Ma qualunque sia stato lo stabilimento della nazione Israelitica sopra il suolo della Francia de' secoli decorsi, essa più non contava attualmente nelle sue antiche provincie, Corpo, di sorte alcuna, di questo Popolo, a meno che eccettuare si volesse un discreto numero di ebrei Portoghesi i quali godevano in Bordeaux, ed in Bajon de' privilegj ragguardevoli, accordati loro dallo stesso Enrico Secondo, che il primo in quegli stati dette il segnale delle guerre di religione. Ve n'era d'altronde una certa quantità ne' paesi un tempo appartenenti alla sede rom[ana] in Francia, siccome se ne trovano sparsi in un gran numero nell'Alsazia, e nella Lorena, dove ad eccezione del diritto d'Autonomia, essi erano concentrati e oppressi come potevano esserlo qualche secolo fa in Alemagna, o in alcuni paesi dell'Italia.

Del resto se gli ebrei abitanti in Francia furono per qualche intervallo di tempo all'eccesso male trattati dalle insensate Leggi dalle quali era essa diretta, governata, e dalla superstiziosa intolleranza di coloro che la governavano: se quelli ritrovarono un Childebert loro persecutore inesorabile; un Chilperick che gli costringeva colla violenza a battezzarsi; un Clotario secondo che gli privava di ogni umano diritto; e Dagoberto Primo il quale non attentava meno che alla estirpazione totale dell'Israelismo dalla Francia; essi ebbero il contento di vedere trasformato il loro calamitoso avvilimento sotto il felice dominio di Carlo magno e sotto quello di Luigi il Buono, in un auge di gloria, di esultazione, e di trionfo [(107)].

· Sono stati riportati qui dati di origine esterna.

locale unital_alt_C_star_algebra =
  fixes sc :: "complex \<Rightarrow> 'a::banach \<Rightarrow> 'a" and mul :: "'a \<Rightarrow> 'a \<Rightarrow> 'a" and st :: "'a \<Rightarrow> 'a"
    and one :: 'a
  assumes alt: "alt_C_star_algebra sc mul st"
    and unit: "\<forall>x. mul one x = x \<and> mul x one = x"
begin

lemmas axioms = alt[unfolded alt_C_star_algebra_def complex_normed_space_def]

lemma mul_one_left [simp]: "mul one x = x" using unit by blast
lemma mul_one_right [simp]: "mul x one = x" using unit by blast
lemma sc_one [simp]: "sc 1 x = x" using axioms by simp
lemma sc_sc [simp]: "sc c (sc d x) = sc (c * d) x" using axioms by simp
lemma sc_add_right: "sc c (x + y) = sc c x + sc c y" using axioms by simp
lemma sc_add_left: "sc (c + d) x = sc c x + sc d x" using axioms by simp
lemma sc_of_real: "sc (complex_of_real r) x = r *\<^sub>R x" using axioms by simp
lemma mul_add_left: "mul (x + y) z = mul x z + mul y z" using axioms by simp
lemma mul_add_right: "mul x (y + z) = mul x y + mul x z" using axioms by simp
lemma mul_sc_left [simp]: "mul (sc c x) y = sc c (mul x y)" using axioms by simp
lemma mul_sc_right [simp]: "mul x (sc c y) = sc c (mul x y)" using axioms by simp
lemma st_add: "st (x + y) = st x + st y" using axioms by simp
lemma st_sc [simp]: "st (sc c x) = sc (cnj c) (st x)" using axioms by simp
lemma st_st [simp]: "st (st x) = x" using axioms by simp
lemma st_mul: "st (mul x y) = mul (st y) (st x)" using axioms by simp
lemma left_alternative: "mul (mul a a) b = mul a (mul a b)" using axioms by simp
lemma right_alternative: "mul b (mul a a) = mul (mul b a) a" using axioms by simp

lemma mul_zero_left [simp]: "mul 0 x = 0"
  using mul_add_left[of 0 0 x] by simp

lemma mul_zero_right [simp]: "mul x 0 = 0"
  using mul_add_right[of x 0 0] by simp

lemma mul_minus_left [simp]: "mul (- x) y = - mul x y"
  using mul_add_left[of x "- x" y] by (simp, metis minus_unique)

lemma mul_minus_right [simp]: "mul x (- y) = - mul x y"
  using mul_add_right[of x y "- y"] by (simp, metis minus_unique)

lemma mul_diff_left: "mul (x - y) z = mul x z - mul y z"
  using mul_add_left[of x "- y" z] by simp

lemma mul_diff_right: "mul x (y - z) = mul x y - mul x z"
  using mul_add_right[of x y "- z"] by simp

lemma st_minus [simp]: "st (- x) = - st x"
  using st_add[of x "- x"] st_add[of 0 0] by (simp, metis minus_unique)

lemma st_diff: "st (x - y) = st x - st y"
  using st_add[of x "- y"] by simp

lemma sc_zero_left [simp]: "sc 0 x = 0"
  using sc_of_real[of 0 x] by simp

lemma sc_minus_right [simp]: "sc c (- x) = - sc c x"
  using sc_add_right[of c x "- x"] sc_add_right[of c 0 0] by (simp, metis minus_unique)

lemma sc_minus_left: "sc (- c) x = - sc c x"
  using sc_add_left[of c "- c" x] by (simp, metis minus_unique)

lemma sc_diff_right: "sc c (x - y) = sc c x - sc c y"
  using sc_add_right[of c x "- y"] by simp

lemma mul_scaleR_left [simp]: "mul (r *\<^sub>R x) y = r *\<^sub>R mul x y"
  by (metis sc_of_real mul_sc_left)

lemma mul_scaleR_right [simp]: "mul x (r *\<^sub>R y) = r *\<^sub>R mul x y"
  by (metis sc_of_real mul_sc_right)

lemma st_one [simp]: "st one = one"
  by (metis st_mul mul_one_left st_st)

lemma sc_cancel: "c \<noteq> 0 \<Longrightarrow> sc c x = sc c y \<Longrightarrow> x = y"
  by (metis sc_sc sc_one right_inverse mult.commute)

lemma trivial_if_one_eq_zero: "one = 0 \<Longrightarrow> (x::'a) = 0"
  by (metis mul_one_right mul_zero_right)

lemma left_alternative_linearized:
  "mul (mul x y) z + mul (mul y x) z = mul x (mul y z) + mul y (mul x z)"
  using left_alternative[of "x + y" z]
  by (simp add: mul_add_left mul_add_right left_alternative algebra_simps)

lemma right_alternative_linearized:
  "mul z (mul x y) + mul z (mul y x) = mul (mul z x) y + mul (mul z y) x"
  using right_alternative[of z "x + y"]
  by (simp add: mul_add_left mul_add_right right_alternative[symmetric] algebra_simps)

definition central :: "'a \<Rightarrow> bool" where
  "central z \<longleftrightarrow> (\<forall>y. mul z y = mul y z)"

lemma central_commute: "central z \<Longrightarrow> mul z y = mul y z"
  unfolding central_def by blast

text \<open>The two linearized alternative laws give a linear system for the associators
  involving a central element, whose only solution is that they vanish.\<close>

lemma central_assoc_right:
  assumes "central z" shows "mul (mul x y) z = mul x (mul y z)"
proof -
  note comm = central_commute[OF assms]
  have "mul x (mul y z) + mul x (mul y z) = mul (mul x y) z + mul (mul z x) y"
    using right_alternative_linearized[of x y z] by (simp only: comm)
  moreover have "mul (mul z x) y + mul (mul z x) y = mul x (mul y z) + mul (mul x y) z"
    using left_alternative_linearized[of x z y] by (simp only: comm)
  ultimately show ?thesis by (metis eq_of_linear_system)
qed

lemma central_assoc_mid:
  assumes "central z" shows "mul (mul x z) y = mul x (mul z y)"
  using right_alternative_linearized[of x y z]
  by (simp only: central_assoc_right[OF assms] add_left_cancel)

lemma central_assoc_left:
  assumes "central z" shows "mul (mul z x) y = mul z (mul x y)"
  using left_alternative_linearized[of x z y]
  by (simp only: central_assoc_mid[OF assms] add_left_cancel)

lemma central_mul_swap:
  assumes "central z" shows "mul x (mul z y) = mul z (mul x y)"
  by (metis assms central_assoc_left central_assoc_mid central_commute)

lemma central_mul: "central a \<Longrightarrow> central b \<Longrightarrow> central (mul a b)"
  unfolding central_def
  by (metis central_assoc_left central_assoc_right central_commute central_def)

lemma central_add: "central a \<Longrightarrow> central b \<Longrightarrow> central (a + b)"
  unfolding central_def by (simp add: mul_add_left mul_add_right)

Tale fu dunque per il corso di molti secoli lo stato in cui si ritrovò il popolo d'Israel in Francia fino a' tempi dell'ultima Rivoluzione, epoca in cui si vide proclamare que' benefici Decreti de' 28 Gen. e 16. aprile 1790. co' quali l'assemblea azionale reggente allora quello stato, costituiva Cittadini Attivi tutti gli ebrei dimoranti dopo tre Anni entro il territorio francese [(108)].